**Records for processing:**
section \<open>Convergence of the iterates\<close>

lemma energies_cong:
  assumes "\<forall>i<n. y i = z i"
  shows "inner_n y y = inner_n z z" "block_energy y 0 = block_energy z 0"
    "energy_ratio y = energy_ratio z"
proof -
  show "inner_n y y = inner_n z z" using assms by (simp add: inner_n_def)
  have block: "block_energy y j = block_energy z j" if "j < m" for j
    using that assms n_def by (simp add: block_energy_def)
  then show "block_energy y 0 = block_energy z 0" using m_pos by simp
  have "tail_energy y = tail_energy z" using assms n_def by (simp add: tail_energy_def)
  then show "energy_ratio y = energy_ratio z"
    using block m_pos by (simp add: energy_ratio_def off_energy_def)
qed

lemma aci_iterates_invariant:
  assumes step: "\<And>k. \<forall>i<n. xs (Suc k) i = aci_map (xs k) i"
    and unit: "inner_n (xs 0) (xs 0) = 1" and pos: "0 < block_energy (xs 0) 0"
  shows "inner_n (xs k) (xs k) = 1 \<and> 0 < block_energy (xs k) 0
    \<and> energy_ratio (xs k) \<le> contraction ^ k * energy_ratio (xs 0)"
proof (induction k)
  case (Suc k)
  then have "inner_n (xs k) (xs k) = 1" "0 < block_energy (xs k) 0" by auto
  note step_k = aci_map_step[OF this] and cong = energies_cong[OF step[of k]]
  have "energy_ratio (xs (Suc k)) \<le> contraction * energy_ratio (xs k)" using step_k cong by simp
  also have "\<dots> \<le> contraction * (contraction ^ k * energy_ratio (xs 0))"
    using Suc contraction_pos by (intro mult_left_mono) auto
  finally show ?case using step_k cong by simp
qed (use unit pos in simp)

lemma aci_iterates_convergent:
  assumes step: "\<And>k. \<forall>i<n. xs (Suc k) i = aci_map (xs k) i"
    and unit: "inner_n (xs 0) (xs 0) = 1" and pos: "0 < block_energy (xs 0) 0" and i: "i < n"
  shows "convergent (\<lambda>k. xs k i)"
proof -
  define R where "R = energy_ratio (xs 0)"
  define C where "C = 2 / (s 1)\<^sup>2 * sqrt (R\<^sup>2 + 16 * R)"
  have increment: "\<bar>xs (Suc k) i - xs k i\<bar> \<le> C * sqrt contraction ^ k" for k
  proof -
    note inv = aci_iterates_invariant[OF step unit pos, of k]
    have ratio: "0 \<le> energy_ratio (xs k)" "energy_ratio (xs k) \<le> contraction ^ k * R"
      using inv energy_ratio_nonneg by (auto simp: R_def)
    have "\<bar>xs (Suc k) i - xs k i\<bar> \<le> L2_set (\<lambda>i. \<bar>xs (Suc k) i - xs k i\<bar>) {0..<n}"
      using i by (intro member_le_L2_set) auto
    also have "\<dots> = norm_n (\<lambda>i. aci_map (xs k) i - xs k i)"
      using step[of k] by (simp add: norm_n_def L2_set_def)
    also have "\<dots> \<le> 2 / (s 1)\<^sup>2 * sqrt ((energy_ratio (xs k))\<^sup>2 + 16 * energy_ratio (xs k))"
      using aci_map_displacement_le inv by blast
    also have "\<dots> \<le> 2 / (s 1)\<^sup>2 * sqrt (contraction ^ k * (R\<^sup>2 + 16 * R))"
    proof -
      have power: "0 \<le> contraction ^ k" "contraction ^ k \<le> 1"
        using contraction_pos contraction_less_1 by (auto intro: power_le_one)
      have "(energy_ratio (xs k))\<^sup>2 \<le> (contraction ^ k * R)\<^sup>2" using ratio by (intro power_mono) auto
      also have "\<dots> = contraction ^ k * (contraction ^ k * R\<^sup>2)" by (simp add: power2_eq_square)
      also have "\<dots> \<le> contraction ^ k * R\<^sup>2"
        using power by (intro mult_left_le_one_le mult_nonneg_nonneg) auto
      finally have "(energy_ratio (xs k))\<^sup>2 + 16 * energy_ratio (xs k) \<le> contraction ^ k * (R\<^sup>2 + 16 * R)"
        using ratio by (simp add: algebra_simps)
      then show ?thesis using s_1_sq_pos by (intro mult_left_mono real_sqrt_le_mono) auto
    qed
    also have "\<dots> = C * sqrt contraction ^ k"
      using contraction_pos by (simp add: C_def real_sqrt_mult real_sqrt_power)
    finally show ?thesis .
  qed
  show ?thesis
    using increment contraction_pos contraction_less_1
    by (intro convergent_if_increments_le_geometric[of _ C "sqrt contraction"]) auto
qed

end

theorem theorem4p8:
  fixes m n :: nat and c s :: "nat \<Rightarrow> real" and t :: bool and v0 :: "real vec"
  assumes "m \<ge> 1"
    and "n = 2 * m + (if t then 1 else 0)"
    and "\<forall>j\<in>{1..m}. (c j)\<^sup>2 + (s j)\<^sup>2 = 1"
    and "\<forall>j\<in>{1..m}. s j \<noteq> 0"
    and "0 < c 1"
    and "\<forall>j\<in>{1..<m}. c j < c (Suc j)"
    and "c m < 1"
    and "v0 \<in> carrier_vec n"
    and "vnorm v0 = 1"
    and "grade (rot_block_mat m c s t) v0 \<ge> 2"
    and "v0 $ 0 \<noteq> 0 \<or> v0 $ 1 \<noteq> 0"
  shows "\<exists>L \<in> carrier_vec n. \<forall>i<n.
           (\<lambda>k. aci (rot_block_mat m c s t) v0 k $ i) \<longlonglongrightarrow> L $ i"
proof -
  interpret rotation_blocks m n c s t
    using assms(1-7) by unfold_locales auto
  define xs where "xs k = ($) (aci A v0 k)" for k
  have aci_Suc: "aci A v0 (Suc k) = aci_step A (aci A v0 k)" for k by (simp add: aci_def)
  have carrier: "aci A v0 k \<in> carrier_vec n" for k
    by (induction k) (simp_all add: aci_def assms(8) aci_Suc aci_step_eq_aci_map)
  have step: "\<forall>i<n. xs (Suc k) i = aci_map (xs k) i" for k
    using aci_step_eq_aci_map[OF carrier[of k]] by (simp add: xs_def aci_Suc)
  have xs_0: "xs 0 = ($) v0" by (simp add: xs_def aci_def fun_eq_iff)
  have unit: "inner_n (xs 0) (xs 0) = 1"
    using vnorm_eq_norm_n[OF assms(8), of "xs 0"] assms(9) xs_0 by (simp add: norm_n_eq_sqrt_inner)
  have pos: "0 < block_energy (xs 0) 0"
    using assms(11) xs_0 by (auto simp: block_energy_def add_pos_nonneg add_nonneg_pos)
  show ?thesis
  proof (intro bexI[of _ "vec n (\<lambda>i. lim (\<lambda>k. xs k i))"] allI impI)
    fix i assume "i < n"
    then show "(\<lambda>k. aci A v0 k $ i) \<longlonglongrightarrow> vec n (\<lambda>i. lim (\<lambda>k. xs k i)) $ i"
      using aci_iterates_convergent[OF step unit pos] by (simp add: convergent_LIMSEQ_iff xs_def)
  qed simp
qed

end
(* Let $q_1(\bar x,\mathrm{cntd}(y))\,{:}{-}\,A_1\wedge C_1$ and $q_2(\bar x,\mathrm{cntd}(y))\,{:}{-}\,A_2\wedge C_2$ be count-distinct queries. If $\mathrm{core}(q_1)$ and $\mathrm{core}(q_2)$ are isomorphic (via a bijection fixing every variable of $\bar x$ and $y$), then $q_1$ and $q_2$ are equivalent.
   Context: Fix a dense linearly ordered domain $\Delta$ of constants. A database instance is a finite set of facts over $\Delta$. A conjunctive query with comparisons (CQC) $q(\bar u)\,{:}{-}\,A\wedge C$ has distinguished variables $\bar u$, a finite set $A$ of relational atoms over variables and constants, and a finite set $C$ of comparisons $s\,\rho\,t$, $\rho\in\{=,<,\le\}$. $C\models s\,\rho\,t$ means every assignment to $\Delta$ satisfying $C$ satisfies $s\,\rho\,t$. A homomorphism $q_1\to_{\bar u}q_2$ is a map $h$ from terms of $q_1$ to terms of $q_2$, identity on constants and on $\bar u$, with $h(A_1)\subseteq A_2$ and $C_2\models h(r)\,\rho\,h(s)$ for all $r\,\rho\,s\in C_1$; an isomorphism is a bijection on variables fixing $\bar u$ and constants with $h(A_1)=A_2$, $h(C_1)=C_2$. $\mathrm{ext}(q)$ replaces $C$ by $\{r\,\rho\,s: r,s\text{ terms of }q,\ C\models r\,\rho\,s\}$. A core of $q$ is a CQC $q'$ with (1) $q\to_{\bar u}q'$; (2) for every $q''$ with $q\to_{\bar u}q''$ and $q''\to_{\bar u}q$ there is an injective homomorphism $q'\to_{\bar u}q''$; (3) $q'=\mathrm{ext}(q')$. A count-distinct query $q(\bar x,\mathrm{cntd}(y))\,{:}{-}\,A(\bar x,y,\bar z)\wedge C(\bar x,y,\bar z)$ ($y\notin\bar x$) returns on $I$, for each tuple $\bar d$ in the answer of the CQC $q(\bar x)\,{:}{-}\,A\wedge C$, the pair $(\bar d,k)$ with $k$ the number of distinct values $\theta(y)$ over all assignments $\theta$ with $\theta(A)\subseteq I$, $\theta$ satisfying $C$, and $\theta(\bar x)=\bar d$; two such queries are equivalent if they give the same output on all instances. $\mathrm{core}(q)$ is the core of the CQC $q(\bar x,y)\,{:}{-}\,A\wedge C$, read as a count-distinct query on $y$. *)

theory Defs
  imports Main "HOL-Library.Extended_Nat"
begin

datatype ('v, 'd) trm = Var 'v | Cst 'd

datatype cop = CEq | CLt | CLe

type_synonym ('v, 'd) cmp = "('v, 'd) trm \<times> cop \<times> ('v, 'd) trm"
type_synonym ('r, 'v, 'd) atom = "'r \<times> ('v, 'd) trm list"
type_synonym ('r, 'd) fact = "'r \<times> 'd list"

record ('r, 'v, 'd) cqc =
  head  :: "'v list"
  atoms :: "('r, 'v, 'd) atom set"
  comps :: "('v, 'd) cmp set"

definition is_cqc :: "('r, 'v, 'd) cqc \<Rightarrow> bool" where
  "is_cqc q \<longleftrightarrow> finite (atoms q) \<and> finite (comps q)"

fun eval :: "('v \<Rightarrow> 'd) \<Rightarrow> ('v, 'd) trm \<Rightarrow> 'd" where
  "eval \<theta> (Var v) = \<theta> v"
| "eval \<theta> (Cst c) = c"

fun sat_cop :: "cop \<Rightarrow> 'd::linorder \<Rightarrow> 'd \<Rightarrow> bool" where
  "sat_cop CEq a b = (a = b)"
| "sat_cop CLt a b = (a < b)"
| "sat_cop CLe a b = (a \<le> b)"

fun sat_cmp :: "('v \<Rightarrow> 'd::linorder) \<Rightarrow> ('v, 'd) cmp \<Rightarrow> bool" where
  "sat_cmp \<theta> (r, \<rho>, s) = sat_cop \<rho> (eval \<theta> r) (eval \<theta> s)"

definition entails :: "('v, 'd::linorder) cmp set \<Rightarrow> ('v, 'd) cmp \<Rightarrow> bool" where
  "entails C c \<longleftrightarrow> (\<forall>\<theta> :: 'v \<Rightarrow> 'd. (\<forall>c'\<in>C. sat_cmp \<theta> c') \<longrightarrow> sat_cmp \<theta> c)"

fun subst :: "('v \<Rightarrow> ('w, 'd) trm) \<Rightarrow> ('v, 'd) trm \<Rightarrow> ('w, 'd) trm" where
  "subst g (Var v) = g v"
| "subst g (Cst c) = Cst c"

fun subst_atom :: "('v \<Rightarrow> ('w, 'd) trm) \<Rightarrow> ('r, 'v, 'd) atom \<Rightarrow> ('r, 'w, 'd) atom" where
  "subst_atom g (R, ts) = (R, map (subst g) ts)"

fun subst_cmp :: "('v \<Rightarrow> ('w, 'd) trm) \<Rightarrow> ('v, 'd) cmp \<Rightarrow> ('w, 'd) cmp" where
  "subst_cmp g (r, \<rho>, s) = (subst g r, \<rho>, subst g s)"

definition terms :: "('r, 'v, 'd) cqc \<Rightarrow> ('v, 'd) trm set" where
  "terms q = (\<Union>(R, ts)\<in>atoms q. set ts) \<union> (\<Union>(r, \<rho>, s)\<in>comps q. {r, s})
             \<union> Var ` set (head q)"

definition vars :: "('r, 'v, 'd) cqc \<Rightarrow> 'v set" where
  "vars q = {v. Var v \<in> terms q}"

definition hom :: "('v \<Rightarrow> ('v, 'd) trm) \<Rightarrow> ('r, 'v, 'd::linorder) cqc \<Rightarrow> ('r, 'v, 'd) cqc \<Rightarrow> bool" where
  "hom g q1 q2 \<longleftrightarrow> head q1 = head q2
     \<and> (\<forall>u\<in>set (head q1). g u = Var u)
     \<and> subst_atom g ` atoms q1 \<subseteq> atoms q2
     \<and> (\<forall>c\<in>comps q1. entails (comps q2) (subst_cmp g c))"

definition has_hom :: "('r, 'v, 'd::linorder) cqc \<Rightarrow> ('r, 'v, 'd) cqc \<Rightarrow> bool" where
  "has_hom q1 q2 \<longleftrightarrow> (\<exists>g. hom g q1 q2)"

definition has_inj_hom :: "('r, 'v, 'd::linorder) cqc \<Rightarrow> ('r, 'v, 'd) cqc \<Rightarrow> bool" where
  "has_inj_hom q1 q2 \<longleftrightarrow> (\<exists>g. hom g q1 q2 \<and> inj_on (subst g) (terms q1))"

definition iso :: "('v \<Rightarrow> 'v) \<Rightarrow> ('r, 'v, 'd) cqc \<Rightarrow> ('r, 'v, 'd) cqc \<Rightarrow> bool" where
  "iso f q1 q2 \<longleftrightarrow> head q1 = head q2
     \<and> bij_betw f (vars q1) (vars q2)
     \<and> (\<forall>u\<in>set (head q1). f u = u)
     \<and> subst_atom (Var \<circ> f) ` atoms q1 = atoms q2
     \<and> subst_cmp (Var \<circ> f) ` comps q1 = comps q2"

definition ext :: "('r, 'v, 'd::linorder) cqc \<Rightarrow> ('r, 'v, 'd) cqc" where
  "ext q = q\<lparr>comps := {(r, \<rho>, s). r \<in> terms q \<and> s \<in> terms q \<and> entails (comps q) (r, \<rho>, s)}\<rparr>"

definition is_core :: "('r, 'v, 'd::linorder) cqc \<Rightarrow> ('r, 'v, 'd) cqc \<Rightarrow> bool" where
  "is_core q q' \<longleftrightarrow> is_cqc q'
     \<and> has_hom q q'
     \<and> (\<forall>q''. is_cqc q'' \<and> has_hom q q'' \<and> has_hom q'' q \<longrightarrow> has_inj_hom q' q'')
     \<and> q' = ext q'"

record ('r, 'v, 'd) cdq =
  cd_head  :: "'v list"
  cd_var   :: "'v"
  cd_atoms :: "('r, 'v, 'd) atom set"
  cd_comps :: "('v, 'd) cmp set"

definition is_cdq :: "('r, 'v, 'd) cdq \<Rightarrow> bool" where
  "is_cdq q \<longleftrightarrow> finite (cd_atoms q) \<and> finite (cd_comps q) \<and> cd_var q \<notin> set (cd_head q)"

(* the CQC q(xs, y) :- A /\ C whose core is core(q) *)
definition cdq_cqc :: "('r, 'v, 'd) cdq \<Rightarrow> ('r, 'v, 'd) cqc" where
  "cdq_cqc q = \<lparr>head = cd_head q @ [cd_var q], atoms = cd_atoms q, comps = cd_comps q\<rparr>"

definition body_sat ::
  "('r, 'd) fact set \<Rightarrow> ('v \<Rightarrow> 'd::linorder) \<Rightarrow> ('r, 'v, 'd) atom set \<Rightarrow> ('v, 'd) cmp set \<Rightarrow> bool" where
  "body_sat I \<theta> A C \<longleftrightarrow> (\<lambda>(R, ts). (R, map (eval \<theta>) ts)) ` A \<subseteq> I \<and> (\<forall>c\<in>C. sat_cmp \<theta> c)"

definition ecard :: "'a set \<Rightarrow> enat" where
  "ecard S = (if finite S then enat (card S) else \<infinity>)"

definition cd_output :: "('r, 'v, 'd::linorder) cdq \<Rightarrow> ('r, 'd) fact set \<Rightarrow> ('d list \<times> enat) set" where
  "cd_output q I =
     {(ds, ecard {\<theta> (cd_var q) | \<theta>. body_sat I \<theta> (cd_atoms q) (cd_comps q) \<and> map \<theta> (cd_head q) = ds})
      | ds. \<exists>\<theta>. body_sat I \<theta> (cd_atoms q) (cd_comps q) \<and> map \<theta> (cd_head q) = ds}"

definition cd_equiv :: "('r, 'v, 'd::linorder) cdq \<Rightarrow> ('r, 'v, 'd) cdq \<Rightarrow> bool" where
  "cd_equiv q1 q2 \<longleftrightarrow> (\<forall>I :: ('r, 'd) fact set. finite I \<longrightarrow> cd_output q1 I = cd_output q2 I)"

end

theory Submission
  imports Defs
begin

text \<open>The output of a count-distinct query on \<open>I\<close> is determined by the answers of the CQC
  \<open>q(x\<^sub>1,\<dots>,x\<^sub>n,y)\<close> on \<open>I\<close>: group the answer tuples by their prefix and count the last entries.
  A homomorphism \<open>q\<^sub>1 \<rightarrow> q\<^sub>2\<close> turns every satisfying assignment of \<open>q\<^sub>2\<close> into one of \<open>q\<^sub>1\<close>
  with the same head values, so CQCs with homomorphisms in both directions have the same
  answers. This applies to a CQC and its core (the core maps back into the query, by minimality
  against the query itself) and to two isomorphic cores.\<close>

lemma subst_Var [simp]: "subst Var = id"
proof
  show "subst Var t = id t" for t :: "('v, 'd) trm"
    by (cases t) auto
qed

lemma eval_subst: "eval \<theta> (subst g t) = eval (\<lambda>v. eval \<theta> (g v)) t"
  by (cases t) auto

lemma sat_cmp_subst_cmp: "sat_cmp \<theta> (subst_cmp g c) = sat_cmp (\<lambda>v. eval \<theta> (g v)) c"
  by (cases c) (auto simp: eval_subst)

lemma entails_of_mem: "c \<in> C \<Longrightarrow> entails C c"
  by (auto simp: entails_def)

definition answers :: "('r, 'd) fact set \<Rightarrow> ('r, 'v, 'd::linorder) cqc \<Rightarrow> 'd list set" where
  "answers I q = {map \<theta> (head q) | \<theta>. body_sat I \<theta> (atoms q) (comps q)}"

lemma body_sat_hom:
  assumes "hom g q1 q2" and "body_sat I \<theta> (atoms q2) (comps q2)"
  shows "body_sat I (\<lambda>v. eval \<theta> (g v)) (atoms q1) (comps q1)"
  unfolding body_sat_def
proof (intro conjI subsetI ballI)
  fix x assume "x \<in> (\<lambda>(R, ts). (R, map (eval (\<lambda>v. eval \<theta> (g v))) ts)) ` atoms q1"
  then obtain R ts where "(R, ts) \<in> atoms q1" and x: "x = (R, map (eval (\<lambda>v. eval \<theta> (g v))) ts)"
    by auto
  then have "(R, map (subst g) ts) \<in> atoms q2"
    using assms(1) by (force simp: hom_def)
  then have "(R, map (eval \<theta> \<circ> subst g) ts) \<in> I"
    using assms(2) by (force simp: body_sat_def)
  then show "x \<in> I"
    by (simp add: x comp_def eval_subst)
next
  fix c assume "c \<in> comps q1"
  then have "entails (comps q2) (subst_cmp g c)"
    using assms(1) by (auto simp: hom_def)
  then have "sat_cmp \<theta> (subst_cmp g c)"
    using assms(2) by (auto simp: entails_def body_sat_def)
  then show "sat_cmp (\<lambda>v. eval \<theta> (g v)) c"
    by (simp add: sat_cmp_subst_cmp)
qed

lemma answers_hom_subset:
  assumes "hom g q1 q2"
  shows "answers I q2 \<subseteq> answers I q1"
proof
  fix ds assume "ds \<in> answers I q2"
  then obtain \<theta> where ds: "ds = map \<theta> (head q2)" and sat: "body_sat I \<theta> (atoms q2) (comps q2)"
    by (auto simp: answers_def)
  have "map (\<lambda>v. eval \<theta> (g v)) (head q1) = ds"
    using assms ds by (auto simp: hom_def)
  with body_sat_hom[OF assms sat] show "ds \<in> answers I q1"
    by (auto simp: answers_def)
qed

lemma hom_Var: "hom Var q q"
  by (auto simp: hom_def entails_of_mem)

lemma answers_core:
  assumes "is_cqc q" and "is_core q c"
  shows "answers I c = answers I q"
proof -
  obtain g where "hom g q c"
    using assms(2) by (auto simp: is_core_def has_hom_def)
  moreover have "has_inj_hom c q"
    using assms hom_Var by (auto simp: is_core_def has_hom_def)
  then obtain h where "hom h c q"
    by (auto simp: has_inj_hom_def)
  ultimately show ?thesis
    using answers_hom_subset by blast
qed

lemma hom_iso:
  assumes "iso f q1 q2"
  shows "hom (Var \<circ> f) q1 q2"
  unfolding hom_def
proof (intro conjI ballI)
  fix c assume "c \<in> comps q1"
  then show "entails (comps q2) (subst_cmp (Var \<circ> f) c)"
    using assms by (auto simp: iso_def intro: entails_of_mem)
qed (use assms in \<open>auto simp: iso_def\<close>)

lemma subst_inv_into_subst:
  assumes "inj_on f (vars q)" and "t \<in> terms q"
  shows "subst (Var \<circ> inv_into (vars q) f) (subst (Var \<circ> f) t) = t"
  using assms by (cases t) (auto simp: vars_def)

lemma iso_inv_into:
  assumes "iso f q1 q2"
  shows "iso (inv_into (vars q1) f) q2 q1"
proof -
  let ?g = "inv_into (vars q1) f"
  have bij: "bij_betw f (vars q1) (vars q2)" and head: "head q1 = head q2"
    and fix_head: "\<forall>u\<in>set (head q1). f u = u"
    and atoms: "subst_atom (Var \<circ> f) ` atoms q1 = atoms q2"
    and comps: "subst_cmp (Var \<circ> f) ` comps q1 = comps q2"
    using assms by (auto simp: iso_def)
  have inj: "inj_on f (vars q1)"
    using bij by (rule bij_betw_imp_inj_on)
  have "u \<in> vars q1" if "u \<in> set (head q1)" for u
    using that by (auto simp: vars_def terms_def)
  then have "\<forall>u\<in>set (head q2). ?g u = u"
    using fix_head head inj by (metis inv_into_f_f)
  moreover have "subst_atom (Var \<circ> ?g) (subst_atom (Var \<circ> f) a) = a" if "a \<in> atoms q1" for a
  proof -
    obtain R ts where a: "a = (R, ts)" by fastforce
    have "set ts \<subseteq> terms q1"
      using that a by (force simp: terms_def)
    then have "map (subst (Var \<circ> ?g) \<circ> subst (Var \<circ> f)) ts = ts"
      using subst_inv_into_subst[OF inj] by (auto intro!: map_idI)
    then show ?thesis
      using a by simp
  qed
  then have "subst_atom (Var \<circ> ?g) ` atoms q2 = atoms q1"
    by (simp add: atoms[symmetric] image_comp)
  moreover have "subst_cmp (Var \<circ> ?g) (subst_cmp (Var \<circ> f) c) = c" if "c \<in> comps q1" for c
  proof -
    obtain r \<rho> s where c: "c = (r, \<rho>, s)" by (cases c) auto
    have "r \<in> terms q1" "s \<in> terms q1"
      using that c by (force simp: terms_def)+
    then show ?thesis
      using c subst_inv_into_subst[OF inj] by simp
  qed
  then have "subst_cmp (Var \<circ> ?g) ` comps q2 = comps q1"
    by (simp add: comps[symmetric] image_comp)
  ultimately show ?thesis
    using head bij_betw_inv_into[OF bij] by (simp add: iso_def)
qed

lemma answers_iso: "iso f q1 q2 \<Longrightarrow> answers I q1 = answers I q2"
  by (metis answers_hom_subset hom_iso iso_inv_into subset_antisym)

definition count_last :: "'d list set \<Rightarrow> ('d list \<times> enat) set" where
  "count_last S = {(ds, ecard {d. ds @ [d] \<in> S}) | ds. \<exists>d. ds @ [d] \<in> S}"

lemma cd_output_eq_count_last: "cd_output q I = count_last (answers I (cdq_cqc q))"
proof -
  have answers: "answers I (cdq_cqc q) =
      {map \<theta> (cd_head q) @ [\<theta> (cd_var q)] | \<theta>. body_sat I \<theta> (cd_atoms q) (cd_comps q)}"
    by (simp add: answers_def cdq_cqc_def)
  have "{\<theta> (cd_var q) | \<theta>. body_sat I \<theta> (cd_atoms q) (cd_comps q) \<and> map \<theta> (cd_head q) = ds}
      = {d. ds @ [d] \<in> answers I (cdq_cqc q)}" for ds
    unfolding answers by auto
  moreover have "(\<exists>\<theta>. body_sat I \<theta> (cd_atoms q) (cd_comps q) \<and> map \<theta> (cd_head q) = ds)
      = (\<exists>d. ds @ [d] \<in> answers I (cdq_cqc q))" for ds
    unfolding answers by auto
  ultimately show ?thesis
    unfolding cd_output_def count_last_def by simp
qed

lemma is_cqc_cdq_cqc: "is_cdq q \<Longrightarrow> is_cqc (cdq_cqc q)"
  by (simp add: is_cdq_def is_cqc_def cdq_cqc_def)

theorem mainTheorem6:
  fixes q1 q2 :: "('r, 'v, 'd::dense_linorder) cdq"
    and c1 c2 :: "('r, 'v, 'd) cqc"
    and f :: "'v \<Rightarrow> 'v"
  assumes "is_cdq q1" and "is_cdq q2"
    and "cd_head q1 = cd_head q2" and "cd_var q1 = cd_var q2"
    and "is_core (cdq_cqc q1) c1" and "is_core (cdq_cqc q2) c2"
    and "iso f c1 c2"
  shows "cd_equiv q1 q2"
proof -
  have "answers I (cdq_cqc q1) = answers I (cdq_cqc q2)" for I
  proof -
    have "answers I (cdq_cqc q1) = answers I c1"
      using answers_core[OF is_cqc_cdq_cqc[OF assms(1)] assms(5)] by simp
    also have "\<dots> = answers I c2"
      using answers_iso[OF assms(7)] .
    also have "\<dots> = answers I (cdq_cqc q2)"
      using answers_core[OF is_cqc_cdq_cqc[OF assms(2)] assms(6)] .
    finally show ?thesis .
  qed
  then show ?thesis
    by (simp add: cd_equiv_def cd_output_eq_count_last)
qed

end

**What needs to be done:** When you come to the line containing "m_pos by simp", give it and stop; before that, repeat each line of the material exactly from the first one.

**Task solution:**
section \<open>Convergence of the iterates\<close>

lemma energies_cong:
  assumes "\<forall>i<n. y i = z i"
  shows "inner_n y y = inner_n z z" "block_energy y 0 = block_energy z 0"
    "energy_ratio y = energy_ratio z"
proof -
  show "inner_n y y = inner_n z z" using assms by (simp add: inner_n_def)
  have block: "block_energy y j = block_energy z j" if "j < m" for j
    using that assms n_def by (simp add: block_energy_def)
  then show "block_energy y 0 = block_energy z 0" using m_pos by simp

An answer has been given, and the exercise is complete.